Patient Safety Tip of the Week

December 11, 2012        Breastfeeding Mixup Again



Many were shocked at the news of an incident last week in Minnesota in which a newborn was breastfed by a woman on the maternity unit who was not his mother (AP 2012). But in reality what’s amazing is that we don’t hear about many more similar incidents. Our November 17, 2009 Patient Safety Tip of the Week “Switched Babies” had an extensive discussion of the risk factors and contributory factors to incidents of both switched babies and breastmilk mixups. If you do a FMEA (failure mode and effects analysis) in your own organization we suspect that you will find numerous potential vulnerabilities to either error.


In the Minnesota case the wrong infant was given to another new mother to breastfeed. That mother initially sensed this might not be her own newborn but her husband apparently reassured her she was just tired so she proceeded to breastfeed (Lerner 2012). Several minutes later she noted the ID tag on the infant was not the name of her own newborn infant. They immediately contacted nurses, who confirmed this was not her baby. In addition to causing anxiety and stress for both families and staff, the newborn who received the wrong breastmilk will need to undergo HIV testing over the next year, adding to the stress even though the ultimate risk of HIV transmission in this case is probably quite low.
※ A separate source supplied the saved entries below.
(* Let $a\in\mathbb F^*$ and suppose $x^n-a$ lies in the center of $\mathcal R$ (so that $\mathcal S_a$ is a ring). Then $M^\theta_a(\overline{fg})=M^\theta_a(\overline f)\,M^\theta_a(\overline g)$ for all $f,g\in\mathcal R$. Hence $M^\theta_a$ is a ring isomorphism between $\mathcal S_a$ and the subring $M^\theta_a(\mathcal S_a)$ of $\mathbb F^{n\times n}$.
   Context: $\mathbb F$ is a finite field, $\theta\in\mathrm{Aut}(\mathbb F)$, $\mathcal R=\mathbb F[x;\theta]$ the skew polynomial ring (elements $\sum f_ix^i$ with left coefficients, $xb=\theta(b)x$). Fix $n\in\mathbb N$. $\mathcal S_a=\mathcal R/\mathcal R(x^n-a)$, $\overline f$ the coset of $f$. $\mathfrak v_a:\mathcal S_a\to\mathbb F^n$ is the inverse of $(c_0,\dots,c_{n-1})\mapsto\overline{\sum_{i=0}^{n-1}c_ix^i}$. The map $M^\theta_a:\mathcal S_a\to\mathbb F^{n\times n}$ sends $\overline f$ to the matrix whose row with index $i$ ($0\le i\le n-1$) is $\mathfrak v_a(\overline{x^if})$. *)

theory Defs
  imports "HOL-Computational_Algebra.Polynomial" "Jordan_Normal_Form.Matrix"
begin

text \<open>Skew polynomial ring F[x;theta]: elements are represented by their
  (left) coefficient sequences, i.e. by values of type 'a poly; only the
  multiplication is twisted: (c x^i)(d x^j) = c theta^i(d) x^(i+j).\<close>

definition field_aut :: "('a::field \<Rightarrow> 'a) \<Rightarrow> bool" where
  "field_aut \<theta> \<longleftrightarrow> bij \<theta> \<and> (\<forall>x y. \<theta> (x + y) = \<theta> x + \<theta> y) \<and> (\<forall>x y. \<theta> (x * y) = \<theta> x * \<theta> y)"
In our November 17, 2009 Patient Safety Tip of the Week “Switched Babies” we did a fairly extensive review of the problem of the wrong babies being given to the wrong mothers. The exact incidence of this problem is unknown but in doing our research at that time we found an article in the news about such switches occurring somewhere almost every year. Another incident occurred in 2010 in Virginia and a Washington Post article about that case noted several other near misses in the Washington, DC area (Suh 2010). And in our September 2011 What’s New in the Patient Safety World column “Another Breastfeeding Mixup” we highlighted another episode that occurred in Australia (Cooper 2011). So the occurrence of yet another case this year comes as no surprise. In fact, one whitepaper from Intel Corporation and partners estimates that of over 23 million infant transfers to and from mothers during initial hospital stays in the US annually, there are over 23,000 erroneous infant-mother transfers per year (Dalton 2005) but it is not clear where that data came from.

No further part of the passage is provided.